Collected data
(* Let $f\in\mathscr H$, let $s\in\mathbb C$ with $-s\in\operatorname{Reg}(f)$, let $\mathbf h\in\mathbb R^N_{>0}$ and $\mathbf i\in\mathbb Z^N_{\ge0}$, and put $|\mathbf i|=i_1+\cdots+i_N$. Then $-s-|\mathbf i|\in\operatorname{Reg}(f)$ and for every $t>0$ $$(-\Delta_{\mathbf h})^{\mathbf i}f(-s,t)=s(s+1)\cdots(s+|\mathbf i|-1)\int_{[0,h_1]^{i_1}\times\cdots\times[0,h_N]^{i_N}}f\big(-s-|\mathbf i|,\,t+u_1+\cdots+u_{|\mathbf i|}\big)\,du_1\cdots du_{|\mathbf i|},$$ where $\Delta_{\mathbf h}^{\mathbf i}$ acts in the variable $t$. In particular, for every $n\in\mathbb Z_{\ge0}\cap\operatorname{Reg}(f)$, the function $t\mapsto f(n,t)$ is a polynomial in $t$ of degree at most $n$.
   Context: For functions $g$ on $(0,\infty)$ and $h>0$: $\Delta_hg(t)=g(t+h)-g(t)$; for $\mathbf h\in\mathbb R^N_{>0}$, $\mathbf i\in\mathbb Z^N_{\ge0}$, $\Delta_{\mathbf h}^{\mathbf i}=\Delta_{h_1}^{i_1}\cdots\Delta_{h_N}^{i_N}$. $\mathscr D(\mathscr L)$: measurable $\varphi:(0,\infty)\to\mathbb C$ integrable on every $(0,R)$ with $\int_0^\infty e^{-su}|\varphi(u)|du<\infty$ for all $\operatorname{Re}(s)>0$; $\mathscr L(\varphi)(t)=\int_0^\infty e^{-tu}\varphi(u)du$. $\mathscr D^\iota(\mathscr L)$: those $\varphi\in\mathscr D(\mathscr L)$ with $|\varphi|\le\psi$ for some non-decreasing (non-negative) $\psi\in\mathscr D(\mathscr L)$. For a function $f(s,t)$ on $(\mathbb C\setminus S)\times(0,\infty)$, with $S$ a closed discrete set and $s\mapsto f(s,t)$ holomorphic on $\mathbb C\setminus S$ for each $t$, let $\operatorname{Reg}(f)$ be the set of $s\in\mathbb C$ at which $s\mapsto f(s,t)$ is holomorphic (after removing removable singularities) for every $t>0$. The space $\mathscr H$ consists of such $f$ satisfying: (a) $\mathbb C\setminus\operatorname{Reg}(f)$ is discrete; (b) for $s\in\operatorname{Reg}(f)$, $t\mapsto f(s,t)$ is differentiable on $(0,\infty)$; (c) $\operatorname{Reg}(f)\subseteq\operatorname{Reg}(\partial f)$, where $\partial f(s,t)=\frac{\partial}{\partial t}f(s,t)$; (d) $f(-1,t)=\mathscr L(\varphi)(t)$ for some $\varphi\in\mathscr D^\iota(\mathscr L)$; (e) $f(-s,t)=\mathscr L\big(\varphi(u)u^{s-1}/\Gamma(s)\big)(t)$ for all $s$ with $\operatorname{Re}(s)\ge1$ and all $t>0$. *)

theory Defs
  imports "HOL-Analysis.Analysis" "HOL-Computational_Algebra.Polynomial"
begin

definition discrete_set :: "complex set \<Rightarrow> bool" where
  "discrete_set S \<longleftrightarrow> (\<forall>z\<in>S. \<exists>e>0. \<forall>w\<in>S. dist w z < e \<longrightarrow> w = z)"
(* Let $q$ be a prime power, $n\ge 2$, $\lambda$ a nontrivial additive character of $\mathbb{F}_q$, and $x\in\mathbb{F}_q^*$. Then \[ q^{\binom n2}\sum_{\alpha_1,\ldots,\alpha_{n-1}\in\mathbb{F}_q^*}\lambda\!\left(\alpha_1+\cdots+\alpha_{n-1}+\frac{x}{\alpha_1\cdots\alpha_{n-1}}\right) = \sum_{\substack{g\in GL(n,q)\\ \det g = x}}\lambda(\operatorname{tr} g). \]
   Context: $GL(n,q)$ is the group of invertible $n\times n$ matrices over $\mathbb{F}_q$. *)

theory Defs
  imports Complex_Main "HOL-Library.FuncSet" "Jordan_Normal_Form.Determinant"
begin

definition additive_character :: "('a::field \<Rightarrow> complex) \<Rightarrow> bool" where
  "additive_character chi \<longleftrightarrow> (\<forall>a. chi a \<noteq> 0) \<and> (\<forall>a b. chi (a + b) = chi a * chi b)"

definition nontrivial_character :: "('a::field \<Rightarrow> complex) \<Rightarrow> bool" where
  "nontrivial_character chi \<longleftrightarrow> (\<exists>a. chi a \<noteq> 1)"

definition mat_trace :: "'a::comm_ring_1 mat \<Rightarrow> 'a" where
  "mat_trace A = (\<Sum>i<dim_row A. A $$ (i, i))"

end

theory Submission
  imports Defs
begin

text \<open>Let S(n, x) be the sum of \<lambda>(tr g) over all n \<times> n matrices g with det g = x;
for x \<noteq> 0 these are exactly the g \<in> GL(n, q) with det g = x. Write g = [[A, b], [c, d]]
with A of size n - 1. Expanding along the last row gives det g = det g' + d det A, where g'
is g with d replaced by 0. If A is singular, det g does not depend on d, and the sum of
\<lambda>(d) over all d vanishes. If A is invertible, d is determined by det g = x, and the
Schur complement gives det g' = - det A (c A^-1 b); the sum of \<lambda>(c A^-1 b) over all
rows c is q^(n-1) for b = 0 and 0 otherwise. Hence
  S(n, x) = q^(n-1) \<Sum>y\<noteq>0. \<lambda>(x/y) S(n-1, y).
Up to the factor q^(n-1) this is the recursion Kl(m+1, x) = \<Sum>y\<noteq>0. \<lambda>(x/y) Kl(m, y)
of the Kloosterman sums, and S(1, x) = \<lambda>(x) = Kl(0, x).\<close>

section \<open>Sums of additive characters\<close>

lemma additive_character_add:
  "additive_character chi \<Longrightarrow> chi (a + b) = chi a * chi b"
  unfolding additive_character_def by blast

lemma additive_character_zero: "additive_character chi \<Longrightarrow> chi 0 = 1"
  unfolding additive_character_def by (metis add.right_neutral mult_cancel_left2)

lemma additive_character_sum:
  assumes "additive_character chi"
  shows "chi (\<Sum>i\<in>I. f i) = (\<Prod>i\<in>I. chi (f i))"
proof (cases "finite I")
  case True
  then show ?thesis
    by (induction I rule: finite_induct)
       (simp_all add: additive_character_zero[OF assms] additive_character_add[OF assms])
qed (simp add: additive_character_zero[OF assms])

lemma sum_additive_character_eq_0:
  fixes chi :: "'a::{field,finite} \<Rightarrow> complex"
  assumes "additive_character chi" and "nontrivial_character chi"
  shows "(\<Sum>t\<in>UNIV. chi t) = 0"
proof -
  obtain a where a: "chi a \<noteq> 1"
    using assms(2) unfolding nontrivial_character_def by blast
  have "(\<Sum>t\<in>UNIV. chi t) = (\<Sum>t\<in>UNIV. chi (t + a))"
    by (rule sum.reindex_bij_witness[where i = "\<lambda>t. t + a" and j = "\<lambda>t. t - a"]) auto
  also have "\<dots> = chi a * (\<Sum>t\<in>UNIV. chi t)"
    by (simp add: additive_character_add[OF assms(1)] sum_distrib_left mult.commute)
  finally have "(1 - chi a) * (\<Sum>t\<in>UNIV. chi t) = 0"
    by (simp add: algebra_simps)
  with a show ?thesis by simp
qed

lemma sum_additive_character_scaled:
  fixes chi :: "'a::{field,finite} \<Rightarrow> complex"
  assumes "additive_character chi" and "nontrivial_character chi"
  shows "(\<Sum>t\<in>UNIV. chi (t * v)) = (if v = 0 then of_nat (card (UNIV :: 'a set)) else 0)"
proof (cases "v = 0")
  case True
  then show ?thesis by (simp add: additive_character_zero[OF assms(1)])
next
  case False
  have "(\<Sum>t\<in>UNIV. chi (t * v)) = (\<Sum>t\<in>UNIV. chi t)"
    by (rule sum.reindex_bij_witness[where i = "\<lambda>t. t / v" and j = "\<lambda>t. t * v"])
       (use False in auto)
  with False show ?thesis using sum_additive_character_eq_0[OF assms] by simp
qed

lemma sum_additive_character_linear_form:
  fixes chi :: "'a::{field,finite} \<Rightarrow> complex"
  assumes "additive_character chi" and "nontrivial_character chi" and "finite I"
  shows "(\<Sum>c\<in>Pi\<^sub>E I (\<lambda>_. UNIV). chi (\<Sum>j\<in>I. c j * v j))
       = (if \<forall>j\<in>I. v j = 0 then of_nat (card (UNIV :: 'a set) ^ card I) else 0)"
proof -
  have "(\<Sum>c\<in>Pi\<^sub>E I (\<lambda>_. UNIV). chi (\<Sum>j\<in>I. c j * v j))
      = (\<Prod>j\<in>I. \<Sum>t\<in>UNIV. chi (t * v j))"
    by (simp add: additive_character_sum[OF assms(1)] prod_sum_PiE[OF assms(3)])
  also have "\<dots> = (\<Prod>j\<in>I. if v j = 0 then of_nat (card (UNIV :: 'a set)) else 0)"
    by (simp add: sum_additive_character_scaled[OF assms(1,2)])
  also have "\<dots> = (if \<forall>j\<in>I. v j = 0 then of_nat (card (UNIV :: 'a set) ^ card I) else 0)"
    using assms(3) by (auto intro: prod_zero)
  finally show ?thesis .
qed

lemma bij_betw_vec: "bij_betw (vec n) (Pi\<^sub>E {..<n} (\<lambda>_. UNIV)) (carrier_vec n)"
proof (rule bij_betw_byWitness[where f' = "\<lambda>v. \<lambda>i\<in>{..<n}. v $ i"])
  show "\<forall>f\<in>Pi\<^sub>E {..<n} (\<lambda>_. UNIV). (\<lambda>i\<in>{..<n}. vec n f $ i) = f"
    by (auto simp: PiE_iff extensional_def fun_eq_iff)
  show "(\<lambda>v. \<lambda>i\<in>{..<n}. v $ i) ` carrier_vec n \<subseteq> Pi\<^sub>E {..<n} (\<lambda>_. UNIV)"
    by (simp add: image_subset_iff)
qed (auto intro!: eq_vecI)

lemma finite_carrier_vec: "finite (carrier_vec n :: 'a::finite vec set)"
proof -
  have "finite (Pi\<^sub>E {..<n} (\<lambda>_. UNIV :: 'a set))"
    by (simp add: finite_PiE)
  then show ?thesis
    using bij_betw_finite[OF bij_betw_vec] by blast
qed

lemma sum_additive_character_scalar_prod:
  fixes chi :: "'a::{field,finite} \<Rightarrow> complex"
  assumes "additive_character chi" and "nontrivial_character chi" and w: "w \<in> carrier_vec n"
  shows "(\<Sum>c\<in>carrier_vec n. chi (c \<bullet> w))
       = (if w = 0\<^sub>v n then of_nat (card (UNIV :: 'a set) ^ n) else 0)"
proof -
  have "(\<Sum>c\<in>carrier_vec n. chi (c \<bullet> w))
      = (\<Sum>f\<in>Pi\<^sub>E {..<n} (\<lambda>_. UNIV). chi (vec n f \<bullet> w))"
    by (rule sum.reindex_bij_betw[OF bij_betw_vec, symmetric])
  also have "\<dots> = (\<Sum>f\<in>Pi\<^sub>E {..<n} (\<lambda>_. UNIV). chi (\<Sum>j<n. f j * w $ j))"
    using w by (intro sum.cong refl) (simp add: scalar_prod_def atLeast0LessThan)
  also have "\<dots> = (if \<forall>j<n. w $ j = 0 then of_nat (card (UNIV :: 'a set) ^ n) else 0)"
    by (simp add: sum_additive_character_linear_form[OF assms(1,2)])
  also have "(\<forall>j<n. w $ j = 0) \<longleftrightarrow> w = 0\<^sub>v n"
    using w by auto
  finally show ?thesis .
qed

section \<open>Matrices and bordered matrices\<close>

lemma finite_carrier_mat: "finite (carrier_mat n m :: 'a::finite mat set)"
proof (rule finite_subset)
  show "carrier_mat n m \<subseteq> mat n m ` Pi\<^sub>E ({..<n} \<times> {..<m}) (\<lambda>_. UNIV :: 'a set)"
  proof
    fix A :: "'a mat"
    assume "A \<in> carrier_mat n m"
    show "A \<in> mat n m ` Pi\<^sub>E ({..<n} \<times> {..<m}) (\<lambda>_. UNIV)"
    proof (rule image_eqI)
      show "A = mat n m (restrict (($$) A) ({..<n} \<times> {..<m}))"
        using \<open>A \<in> carrier_mat n m\<close> by (intro eq_matI) auto
    qed simp
  qed
qed (simp add: finite_PiE)

lemma det_nonzero_imp_inverse_mat:
  fixes A :: "'a::field mat"
  assumes "A \<in> carrier_mat n n" and "det A \<noteq> 0"
  obtains B where "B \<in> carrier_mat n n" and "A * B = 1\<^sub>m n" and "B * A = 1\<^sub>m n"
  using det_non_zero_imp_unit[OF assms, of undefined] that
  by (auto simp: Units_def ring_mat_def)

lemma det_nonzero_imp_invertible_mat:
  fixes A :: "'a::field mat"
  assumes "A \<in> carrier_mat n n" and "det A \<noteq> 0"
  shows "invertible_mat A"
proof -
  obtain B where "B \<in> carrier_mat n n" "A * B = 1\<^sub>m n" "B * A = 1\<^sub>m n"
    using det_nonzero_imp_inverse_mat[OF assms] .
  with assms(1) show ?thesis
    by (auto simp: invertible_mat_def inverts_mat_def square_mat.simps)
qed

definition bordered_mat :: "'a mat \<Rightarrow> 'a vec \<Rightarrow> 'a vec \<Rightarrow> 'a \<Rightarrow> 'a mat" where
  "bordered_mat A b c d = mat (Suc (dim_row A)) (Suc (dim_col A)) (\<lambda>(i, j).
     if i < dim_row A then if j < dim_col A then A $$ (i, j) else b $ i
     else if j < dim_col A then c $ j else d)"
(* Assume there are constants $\gamma_t\ge 0$ ($t=0,\dots,T-1$) with $|C_t(x)-C_t(y)|\le\gamma_t|x-y|$ for all $x,y$. Then for every $t=0,1,\dots,T-1$ and all $x'\le x$: $H_t(x')-H_t(x)\le\bar\psi_t(x-x',x)$ and $V_t(x')-V_t(x)\le\bar\varphi_t(x-x',x)$.
   Context: Model. Fix an integer horizon $T\ge 2$, a discount factor $\alpha\in(0,1]$, and for $t=0,\dots,T-1$: unit ordering costs $c_t\in\mathbb R$, a salvage coefficient $c_T\in\mathbb R$, setup costs $K_t\ge 0$, functions $G_t:\mathbb R\to\mathbb R$, and independent nonnegative random demands $D_0,\dots,D_{T-1}$ with right-continuous distribution functions $F_t$ and finite means; all expectations appearing are assumed finite. Put $C_t(y)=(c_t-\alpha c_{t+1})y+G_t(y)+\alpha c_{t+1}E[D_t]$. Standing assumptions: (i) each $C_t$ is convex with $C_t(y)\to+\infty$ as $|y|\to\infty$; (ii) $K_t\ge \alpha K_{t+1}$ for $t=0,\dots,T-2$. Grid construction. Fix $\theta>0$, $z_m=m\theta$, $Z_\theta=\{z_m:m\in\mathbb Z\}$, $f_t(n)=F_t(z_{n+1})-F_t(z_n)$ ($n\ge -1$). $C^m_t=\min\{y: C_t(y)=\min_x C_t(x)\}$; with $z_{n_0}<C^m_t\le z_{n_0+1}$, $S^U_t=\min\{z_m\in Z_\theta: z_m\ge C^m_t,\ C_t(z_m)>C_t(z_{n_0})+K_t\}$. $s_{T-1}$ is a point with $s_{T-1}\le C^m_{T-1}$, $C_{T-1}(s_{T-1})=C_{T-1}(C^m_{T-1})+K_{T-1}$; $\bar I_{T-1}=s_{T-1}$. For $t=T-2,\dots,0$: $I_t=\max\{z_m\in Z_\theta: z_m<\min(\bar I_{t+1}-\theta,C^m_t)\}$, $\bar I_t=\max\{z_m\in Z_\theta: z_m\le I_t,\ C_t(z_m)>C_t(I_t)+K_t\}+\theta$. $H_{T-1}=C_{T-1}$, $S_{T-1}=C^m_{T-1}$; $V_t(y)=H_t(S_t)+K_t$ for $y<s_t$, $V_t(y)=H_t(y)$ for $y\ge s_t$. For $t=T-2,\dots,0$: $H_t(y)=C_t(y)+\alpha\sum_{n=-1}^\infty V_{t+1}(y-z_n)f_t(n)$; $S_t=\max\{z_m\in Z_\theta: I_t\le z_m\le S^U_t,\ H_t(z_m)=\min\{H_t(z_n):z_n\in Z_\theta, I_t\le z_n\le S^U_t\}\}$; $s_t=S_t$ if $K_t=0$, else $s_t=\min\{z_m\in Z_\theta:\bar I_t\le z_m\le S_t,\ H_t(z_m)\le H_t(S_t)+K_t\}$. Upper estimate functions. $\bar\psi_{T-1}(x,y)=\gamma_{T-1}x$ for all $x,y$; $\bar\varphi_{T-1}(x,y)=0$ if $y<s_{T-1}$ and $\bar\varphi_{T-1}(x,y)=\gamma_{T-1}x$ if $y\ge s_{T-1}$. For $t=0,\dots,T-2$: $\bar\psi_t(x,y)=\gamma_tx$ if $y<s_{t+1}-\theta$, and otherwise $\bar\psi_t(x,y)=\gamma_tx+\alpha\sum_{m=-1}^{n-1}\bar\varphi_{t+1}(x,y-z_m)f_t(m)$, where $n$ is the integer with $z_{n-1}\le y-s_{t+1}<z_n$; and $\bar\varphi_t(x,y)=0$ if $y<s_t$, $\bar\varphi_t(x,y)=\bar\psi_t(y-s_t+\theta,y)$ if $y\ge s_t$ and $y-x<s_t$, $\bar\varphi_t(x,y)=\bar\psi_t(x,y)$ if $y\ge s_t$ and $y-x\ge s_t$. *)

theory Defs
  imports "HOL-Probability.Probability"
begin
(* Let $\mathbb{G}$ be a Carnot group with a strongly homogeneous norm $\|\cdot\|$ and let $K:\mathbb{G}\setminus\{\mathbf0\}\to\mathbb{R}^d$ be continuous. (1) If $K$ is dilation antisymmetric, then $K$ satisfies the annular boundedness condition. (2) If $\|\cdot\|$ is symmetric and $K$ is antisymmetric, then $K$ satisfies the annular boundedness condition.
   Context: $\mathbb{G}$: connected simply connected nilpotent Lie group with stratified Lie algebra $\mathfrak v_1\oplus\cdots\oplus\mathfrak v_s$, identified with $\mathbb{R}^N$ via exponential coordinates; $\delta_t$ acts by $t^i$ on $\mathfrak v_i$ ($t\in\mathbb{R}$). Strongly homogeneous norm: continuous, $\|\delta_tp\|=|t|\|p\|$ for $t\in\mathbb{R}$, $\|p\|=0$ iff $p=\mathbf0$; symmetric means $\|p^{-1}\|=\|p\|$; $B(0,r)=\{\|p\|<r\}$. $K$ is antisymmetric if $K(p^{-1})=-K(p)$, dilation antisymmetric if $K(\delta_{-1}p)=-K(p)$, for all $p\ne\mathbf0$. Let $\pi:\mathbb{G}\to\mathfrak v_1\cong\mathbb{R}^m$ be the projection; a vertical hyperplane is a codimension-1 subgroup $\pi^{-1}(X)$ with $X$ an $(m-1)$-dimensional linear subspace of $\mathbb{R}^m$. $K$ satisfies the annular boundedness condition if (componentwise) for every $\|\cdot\|$-radial $C^\infty$ $\psi:\mathbb{G}\to\mathbb{R}$ with $\chi_{B(0,1/2)}\le\psi\le\chi_{B(0,2)}$ there is $A_\psi\ge1$ with $\left|\int_{\mathbb{W}}(\psi^R-\psi^r)K\,d\mathcal L^{N-1}\right|\le A_\psi$ for all $0<r<R<\infty$ and all vertical hyperplanes $\mathbb{W}$, where $\psi^r(p)=\psi(\delta_rp)$ and $\mathcal L^{N-1}$ is Lebesgue measure on $\mathbb{W}$. *)

theory Defs
  imports "HOL-Analysis.Analysis"
begin

text \<open>The Carnot group is modelled in exponential coordinates as real^'n, with a basis
adapted to the stratification: coordinate i lies in layer deg i.\<close>

definition layer :: "('n::finite \<Rightarrow> nat) \<Rightarrow> nat \<Rightarrow> (real^'n) set" where
  "layer deg j = {x. \<forall>i. deg i \<noteq> j \<longrightarrow> x $ i = 0}"

definition dil :: "('n::finite \<Rightarrow> nat) \<Rightarrow> real \<Rightarrow> real^'n \<Rightarrow> real^'n" where
  "dil deg t p = (\<chi> i. t ^ deg i * p $ i)"
(* Fix integers $0\le k\le n$ and $x\in\mathbb Z_{\ge0}$, and let $S$ have law $\mathbf P^n_x$. For $0\le i\le k$ and $y\ge0$ let $f(y,i)=\mathbf E^{n-i}_y[S_{k-i}]$. Then $M_i=f(S_i,i)$, $0\le i\le k$, is a martingale with respect to the natural filtration of $S$, and $|M_{i+1}-M_i|\le2$ for $0\le i\le k-1$. When $k=n$ one has explicitly $f(y,i)=-1+\frac{y+1}{\psi(y;n-i)}$.
   Context: Let $p_n(w)$ be the probability that simple symmetric random walk on $\mathbb Z$ started at $0$ is at $w$ at time $n$. For $x,y\in\mathbb Z_{\ge0}$, $p^{(1/2)}_n(x,y)=p_n(x-y)-p_n(x+y+2)$ and $\psi(x;n)=\sum_{y\ge0}p^{(1/2)}_n(x,y)$. $\mathbf P^N_y$ is the uniform probability measure on paths $(s_0,\dots,s_N)\in\mathbb Z_{\ge0}^{N+1}$ with $s_0=y$ and $|s_{i+1}-s_i|=1$; $S$ is its coordinate process and $\mathbf E^N_y$ its expectation. *)

theory Defs
  imports "HOL-Probability.Probability"
begin

definition srw_p :: "nat \<Rightarrow> int \<Rightarrow> real" where
  "srw_p n w = (if \<bar>w\<bar> \<le> int n \<and> even (int n + w)
                then real (n choose nat ((int n + w) div 2)) / 2 ^ n else 0)"

text \<open>Killed (at -1) transition kernel p^(1/2)_n(x,y) = p_n(x-y) - p_n(x+y+2).\<close>
definition p_half :: "nat \<Rightarrow> int \<Rightarrow> int \<Rightarrow> real" where
  "p_half n x y = srw_p n (x - y) - srw_p n (x + y + 2)"

definition psi :: "int \<Rightarrow> nat \<Rightarrow> real" where
  "psi x n = (\<Sum>y. p_half n x (int y))"

definition paths :: "nat \<Rightarrow> int \<Rightarrow> (nat \<Rightarrow> int) set" where
  "paths N y = {s. s 0 = y \<and> (\<forall>i\<le>N. 0 \<le> s i) \<and> (\<forall>i<N. \<bar>s (Suc i) - s i\<bar> = 1)
                  \<and> (\<forall>i>N. s i = 0)}"

definition Ppath :: "nat \<Rightarrow> int \<Rightarrow> (nat \<Rightarrow> int) pmf" where
  "Ppath N y = pmf_of_set (paths N y)"

definition Ef :: "nat \<Rightarrow> int \<Rightarrow> nat \<Rightarrow> real" where
  "Ef N y j = measure_pmf.expectation (Ppath N y) (\<lambda>s. real_of_int (s j))"

end

theory Submission imports Defs begin

text \<open>
  Under \<open>\<P>\<^sup>n\<^sub>x\<close> the coordinate process is a Markov chain: given \<open>S\<^sub>i = y\<close>, the remaining path
  is uniform on the nonnegative paths of length \<open>n - i\<close> from \<open>y\<close>. Hence the tower property makes
  \<open>f(S\<^sub>i, i)\<close> a martingale, and \<open>f\<close> satisfies the one-step recursion
  \<open>f(y, i) = a\<^sub>y f(y + 1, i + 1) + (1 - a\<^sub>y) f(y - 1, i + 1)\<close>, where \<open>a\<^sub>y = N(y + 1) / (N(y + 1) + N(y - 1))\<close>
  and \<open>N(z)\<close> counts nonnegative paths of length \<open>n - i - 1\<close> from \<open>z\<close>. Since \<open>N\<close> is concave in \<open>z\<close>,
  \<open>a\<^sub>y\<close> decreases in \<open>y\<close>, and this makes the recursion preserve the Lipschitz bound
  \<open>|f(y + 1, i) - f(y, i)| \<le> 1\<close>, which starts from \<open>f(y, k) = y\<close>. One step of \<open>M\<close> moves by at most
  one unit in \<open>y\<close> and one unit in \<open>i\<close>, whence the bound 2.

  For \<open>k = n\<close>, the reflection principle gives \<open>N(y) = 2\<^sup>m \<psi>(y; m)\<close> for paths of length \<open>m\<close>, and
  \<open>S + 1\<close> killed at \<open>-1\<close> is a martingale of the free walk, so the paths from \<open>y\<close> have
  \<open>\<Sum> (S\<^sub>m + 1) = (y + 1) 2\<^sup>m\<close>.
\<close>

definition path_cons :: "int \<Rightarrow> (nat \<Rightarrow> int) \<Rightarrow> nat \<Rightarrow> int" where
  "path_cons y c = (\<lambda>j. case j of 0 \<Rightarrow> y | Suc j \<Rightarrow> c j)"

▶ [EXERCISE DESCRIPTION]
Please return every line from the one that contains "int) \<Rightarrow> nat" through the end of the entries, exactly, leaving out all others.

▶ [ANSWER TO THIS PROBLEM]
definition path_cons :: "int \<Rightarrow> (nat \<Rightarrow> int) \<Rightarrow> nat \<Rightarrow> int" where
  "path_cons y c = (\<lambda>j. case j of 0 \<Rightarrow> y | Suc j \<Rightarrow> c j)"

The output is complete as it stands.